>>>

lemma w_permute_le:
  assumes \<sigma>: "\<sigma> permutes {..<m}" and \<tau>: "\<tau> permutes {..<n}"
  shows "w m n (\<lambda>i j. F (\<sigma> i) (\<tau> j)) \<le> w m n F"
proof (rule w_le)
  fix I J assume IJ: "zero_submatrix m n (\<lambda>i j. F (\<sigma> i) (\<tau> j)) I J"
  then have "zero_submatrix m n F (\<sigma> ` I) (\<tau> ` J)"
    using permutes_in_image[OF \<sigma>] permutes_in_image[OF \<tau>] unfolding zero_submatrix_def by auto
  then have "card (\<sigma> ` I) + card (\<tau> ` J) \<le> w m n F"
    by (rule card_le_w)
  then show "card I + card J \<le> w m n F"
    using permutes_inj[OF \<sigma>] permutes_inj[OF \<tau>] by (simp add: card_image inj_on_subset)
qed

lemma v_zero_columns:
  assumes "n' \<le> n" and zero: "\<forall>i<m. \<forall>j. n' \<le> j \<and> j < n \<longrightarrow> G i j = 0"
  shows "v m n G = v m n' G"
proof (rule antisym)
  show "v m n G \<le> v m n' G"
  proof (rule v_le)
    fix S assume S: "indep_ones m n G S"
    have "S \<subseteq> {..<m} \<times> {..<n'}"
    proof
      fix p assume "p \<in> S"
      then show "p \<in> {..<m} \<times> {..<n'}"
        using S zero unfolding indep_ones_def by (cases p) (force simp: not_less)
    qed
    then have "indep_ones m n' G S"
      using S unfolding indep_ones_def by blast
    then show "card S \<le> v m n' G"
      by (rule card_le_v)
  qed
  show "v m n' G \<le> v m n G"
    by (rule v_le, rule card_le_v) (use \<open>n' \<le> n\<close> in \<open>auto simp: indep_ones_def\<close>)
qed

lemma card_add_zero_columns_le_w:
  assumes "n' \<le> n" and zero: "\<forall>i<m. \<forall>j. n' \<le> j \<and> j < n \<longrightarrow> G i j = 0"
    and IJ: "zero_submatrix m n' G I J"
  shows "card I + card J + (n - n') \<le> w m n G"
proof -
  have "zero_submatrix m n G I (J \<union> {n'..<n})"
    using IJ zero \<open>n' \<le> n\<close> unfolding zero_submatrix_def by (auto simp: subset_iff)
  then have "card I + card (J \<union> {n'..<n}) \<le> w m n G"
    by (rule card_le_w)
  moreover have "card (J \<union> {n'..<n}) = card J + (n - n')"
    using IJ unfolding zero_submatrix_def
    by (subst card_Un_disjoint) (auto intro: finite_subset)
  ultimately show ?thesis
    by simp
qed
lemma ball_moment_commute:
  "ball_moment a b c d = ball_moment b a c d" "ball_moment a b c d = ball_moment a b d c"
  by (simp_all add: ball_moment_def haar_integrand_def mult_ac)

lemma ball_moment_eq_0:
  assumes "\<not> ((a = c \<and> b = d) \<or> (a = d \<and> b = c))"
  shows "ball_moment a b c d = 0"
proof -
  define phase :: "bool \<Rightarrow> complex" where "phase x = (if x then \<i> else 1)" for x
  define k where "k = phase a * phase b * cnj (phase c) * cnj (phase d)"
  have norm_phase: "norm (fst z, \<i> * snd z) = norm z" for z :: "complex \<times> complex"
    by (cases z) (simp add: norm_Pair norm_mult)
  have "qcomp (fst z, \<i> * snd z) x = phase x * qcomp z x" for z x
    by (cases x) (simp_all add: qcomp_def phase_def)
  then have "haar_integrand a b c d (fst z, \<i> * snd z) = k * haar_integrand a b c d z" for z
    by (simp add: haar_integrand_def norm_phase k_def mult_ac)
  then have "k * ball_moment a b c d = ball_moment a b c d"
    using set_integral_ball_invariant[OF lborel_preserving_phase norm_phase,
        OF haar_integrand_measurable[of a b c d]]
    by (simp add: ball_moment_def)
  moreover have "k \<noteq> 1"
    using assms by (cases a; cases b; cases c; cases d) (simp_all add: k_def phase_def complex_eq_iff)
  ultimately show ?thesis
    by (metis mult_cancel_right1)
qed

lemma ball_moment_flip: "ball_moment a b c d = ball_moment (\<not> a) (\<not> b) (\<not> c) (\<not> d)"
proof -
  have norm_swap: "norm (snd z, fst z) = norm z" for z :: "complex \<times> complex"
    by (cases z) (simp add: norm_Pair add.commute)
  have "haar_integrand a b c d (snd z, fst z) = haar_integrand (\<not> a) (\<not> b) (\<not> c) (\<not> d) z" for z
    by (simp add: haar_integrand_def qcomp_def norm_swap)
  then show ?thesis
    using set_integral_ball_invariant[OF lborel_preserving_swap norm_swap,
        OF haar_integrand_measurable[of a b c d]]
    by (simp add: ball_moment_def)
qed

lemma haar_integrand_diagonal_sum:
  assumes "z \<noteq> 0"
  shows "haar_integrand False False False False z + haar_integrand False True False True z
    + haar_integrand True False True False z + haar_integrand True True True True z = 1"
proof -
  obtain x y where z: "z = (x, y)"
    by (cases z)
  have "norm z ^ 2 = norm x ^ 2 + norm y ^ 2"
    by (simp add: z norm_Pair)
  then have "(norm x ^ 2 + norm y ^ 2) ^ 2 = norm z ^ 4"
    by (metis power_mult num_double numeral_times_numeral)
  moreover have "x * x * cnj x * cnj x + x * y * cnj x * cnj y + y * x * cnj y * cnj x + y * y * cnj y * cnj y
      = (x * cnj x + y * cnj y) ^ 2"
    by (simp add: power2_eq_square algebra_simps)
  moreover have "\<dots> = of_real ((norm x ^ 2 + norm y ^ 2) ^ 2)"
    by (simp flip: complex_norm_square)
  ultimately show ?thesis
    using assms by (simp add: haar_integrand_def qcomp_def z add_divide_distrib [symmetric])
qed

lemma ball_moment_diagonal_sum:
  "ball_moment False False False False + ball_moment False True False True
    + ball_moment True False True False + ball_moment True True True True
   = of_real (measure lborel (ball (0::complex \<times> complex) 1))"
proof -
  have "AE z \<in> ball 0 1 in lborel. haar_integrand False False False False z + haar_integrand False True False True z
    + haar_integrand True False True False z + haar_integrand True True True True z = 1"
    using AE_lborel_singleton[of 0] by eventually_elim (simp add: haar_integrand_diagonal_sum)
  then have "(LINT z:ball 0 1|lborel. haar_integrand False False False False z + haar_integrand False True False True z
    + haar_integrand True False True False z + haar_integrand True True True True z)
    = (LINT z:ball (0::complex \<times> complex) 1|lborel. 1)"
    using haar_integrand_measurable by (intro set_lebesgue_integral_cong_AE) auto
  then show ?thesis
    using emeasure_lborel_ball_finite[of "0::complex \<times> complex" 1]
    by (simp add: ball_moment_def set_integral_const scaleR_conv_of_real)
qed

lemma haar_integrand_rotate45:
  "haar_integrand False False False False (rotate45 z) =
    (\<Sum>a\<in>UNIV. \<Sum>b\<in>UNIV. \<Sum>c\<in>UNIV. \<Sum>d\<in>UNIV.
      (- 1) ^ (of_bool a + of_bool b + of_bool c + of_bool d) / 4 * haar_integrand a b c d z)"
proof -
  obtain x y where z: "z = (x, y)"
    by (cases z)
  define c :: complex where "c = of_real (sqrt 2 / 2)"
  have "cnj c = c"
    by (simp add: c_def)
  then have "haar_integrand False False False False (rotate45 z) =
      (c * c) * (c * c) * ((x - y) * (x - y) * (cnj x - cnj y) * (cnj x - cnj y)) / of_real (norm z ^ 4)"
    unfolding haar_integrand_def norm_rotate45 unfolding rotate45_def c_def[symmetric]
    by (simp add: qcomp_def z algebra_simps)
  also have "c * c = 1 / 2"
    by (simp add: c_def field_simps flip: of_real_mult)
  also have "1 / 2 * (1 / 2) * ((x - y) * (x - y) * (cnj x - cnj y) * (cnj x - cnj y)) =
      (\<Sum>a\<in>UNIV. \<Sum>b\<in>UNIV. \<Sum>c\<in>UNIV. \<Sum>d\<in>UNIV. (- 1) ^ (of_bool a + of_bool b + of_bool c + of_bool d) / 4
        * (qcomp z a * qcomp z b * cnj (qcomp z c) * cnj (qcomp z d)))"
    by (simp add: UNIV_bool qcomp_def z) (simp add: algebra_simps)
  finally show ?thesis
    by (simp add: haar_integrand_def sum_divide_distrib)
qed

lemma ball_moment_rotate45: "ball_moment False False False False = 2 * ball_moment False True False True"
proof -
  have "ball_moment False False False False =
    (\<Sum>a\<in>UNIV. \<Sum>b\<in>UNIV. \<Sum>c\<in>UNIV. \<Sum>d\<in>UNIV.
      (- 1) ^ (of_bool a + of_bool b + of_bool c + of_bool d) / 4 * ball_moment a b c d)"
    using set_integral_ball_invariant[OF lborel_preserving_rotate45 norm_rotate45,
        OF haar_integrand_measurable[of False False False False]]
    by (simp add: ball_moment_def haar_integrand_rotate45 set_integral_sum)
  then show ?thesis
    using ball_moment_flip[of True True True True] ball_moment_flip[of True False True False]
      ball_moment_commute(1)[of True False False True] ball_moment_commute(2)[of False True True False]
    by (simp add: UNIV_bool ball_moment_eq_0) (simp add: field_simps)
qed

<<<
>>>

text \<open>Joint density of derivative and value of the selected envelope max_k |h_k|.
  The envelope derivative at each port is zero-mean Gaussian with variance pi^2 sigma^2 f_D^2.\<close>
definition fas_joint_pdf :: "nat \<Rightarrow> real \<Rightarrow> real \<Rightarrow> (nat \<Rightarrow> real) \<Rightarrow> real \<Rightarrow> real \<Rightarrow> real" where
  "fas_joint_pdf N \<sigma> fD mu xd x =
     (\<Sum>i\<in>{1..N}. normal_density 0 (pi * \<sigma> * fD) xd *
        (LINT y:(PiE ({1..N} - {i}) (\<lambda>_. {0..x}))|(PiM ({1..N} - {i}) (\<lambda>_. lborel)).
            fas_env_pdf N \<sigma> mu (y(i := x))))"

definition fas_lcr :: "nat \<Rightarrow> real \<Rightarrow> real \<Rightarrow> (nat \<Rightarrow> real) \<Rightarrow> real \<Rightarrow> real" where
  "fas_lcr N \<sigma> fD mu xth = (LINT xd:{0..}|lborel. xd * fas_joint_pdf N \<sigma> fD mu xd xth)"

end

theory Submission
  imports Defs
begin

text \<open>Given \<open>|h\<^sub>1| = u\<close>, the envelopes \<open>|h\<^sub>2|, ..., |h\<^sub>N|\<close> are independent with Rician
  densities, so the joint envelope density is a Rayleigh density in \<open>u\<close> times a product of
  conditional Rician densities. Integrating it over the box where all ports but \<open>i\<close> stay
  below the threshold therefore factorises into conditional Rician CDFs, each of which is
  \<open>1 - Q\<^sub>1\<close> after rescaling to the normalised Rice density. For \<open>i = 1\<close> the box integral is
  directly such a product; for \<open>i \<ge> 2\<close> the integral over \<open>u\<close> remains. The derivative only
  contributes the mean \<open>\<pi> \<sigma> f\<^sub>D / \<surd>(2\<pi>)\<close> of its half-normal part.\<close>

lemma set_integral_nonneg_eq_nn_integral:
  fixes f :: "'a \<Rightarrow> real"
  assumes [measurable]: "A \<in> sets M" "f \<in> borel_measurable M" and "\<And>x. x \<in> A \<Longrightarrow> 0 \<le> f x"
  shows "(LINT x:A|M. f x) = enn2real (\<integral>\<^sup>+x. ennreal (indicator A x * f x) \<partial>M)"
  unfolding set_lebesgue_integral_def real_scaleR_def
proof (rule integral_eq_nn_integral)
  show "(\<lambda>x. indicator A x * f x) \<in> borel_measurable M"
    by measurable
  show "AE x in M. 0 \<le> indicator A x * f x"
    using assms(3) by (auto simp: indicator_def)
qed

<<<
>>>

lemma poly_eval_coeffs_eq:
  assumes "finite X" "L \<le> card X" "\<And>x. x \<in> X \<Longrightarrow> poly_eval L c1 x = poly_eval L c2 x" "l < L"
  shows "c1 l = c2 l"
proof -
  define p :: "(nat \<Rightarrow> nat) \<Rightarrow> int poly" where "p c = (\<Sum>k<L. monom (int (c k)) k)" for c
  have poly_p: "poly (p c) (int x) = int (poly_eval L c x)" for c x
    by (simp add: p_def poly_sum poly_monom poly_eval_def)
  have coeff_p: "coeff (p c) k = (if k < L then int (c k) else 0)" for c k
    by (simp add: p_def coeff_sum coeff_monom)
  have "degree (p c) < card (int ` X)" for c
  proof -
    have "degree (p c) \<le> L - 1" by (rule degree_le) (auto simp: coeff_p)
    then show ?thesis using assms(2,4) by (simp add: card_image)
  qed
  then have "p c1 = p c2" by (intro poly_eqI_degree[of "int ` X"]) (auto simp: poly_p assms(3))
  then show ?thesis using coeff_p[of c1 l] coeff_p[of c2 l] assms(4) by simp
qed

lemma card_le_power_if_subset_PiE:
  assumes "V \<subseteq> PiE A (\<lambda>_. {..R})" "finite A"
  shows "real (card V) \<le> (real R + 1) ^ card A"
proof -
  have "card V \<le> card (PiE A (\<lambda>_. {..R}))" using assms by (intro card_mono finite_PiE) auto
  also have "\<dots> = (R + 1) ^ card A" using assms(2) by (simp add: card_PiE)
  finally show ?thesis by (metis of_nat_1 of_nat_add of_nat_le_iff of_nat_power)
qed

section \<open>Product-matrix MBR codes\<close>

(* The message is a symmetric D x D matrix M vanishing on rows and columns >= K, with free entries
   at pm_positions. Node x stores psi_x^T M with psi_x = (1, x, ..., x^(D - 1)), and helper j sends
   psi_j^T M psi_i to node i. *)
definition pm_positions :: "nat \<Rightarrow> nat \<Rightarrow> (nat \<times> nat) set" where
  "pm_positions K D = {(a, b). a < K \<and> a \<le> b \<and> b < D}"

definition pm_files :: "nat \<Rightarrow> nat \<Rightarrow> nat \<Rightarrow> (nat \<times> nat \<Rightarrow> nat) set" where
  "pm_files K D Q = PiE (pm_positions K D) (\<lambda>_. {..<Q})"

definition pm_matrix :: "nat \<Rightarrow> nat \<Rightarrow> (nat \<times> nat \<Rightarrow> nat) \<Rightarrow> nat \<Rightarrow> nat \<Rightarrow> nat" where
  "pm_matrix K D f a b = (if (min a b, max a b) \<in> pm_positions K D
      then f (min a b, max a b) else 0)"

<<<

WORK TO BE COMPLETED:
From the records above, pull every line that carries the word "mean".

OUTPUT FOR THIS EXERCISE:
  The envelope derivative at each port is zero-mean Gaussian with variance pi^2 sigma^2 f_D^2.\<close>
  contributes the mean \<open>\<pi> \<sigma> f\<^sub>D / \<surd>(2\<pi>)\<close> of its half-normal part.\<close>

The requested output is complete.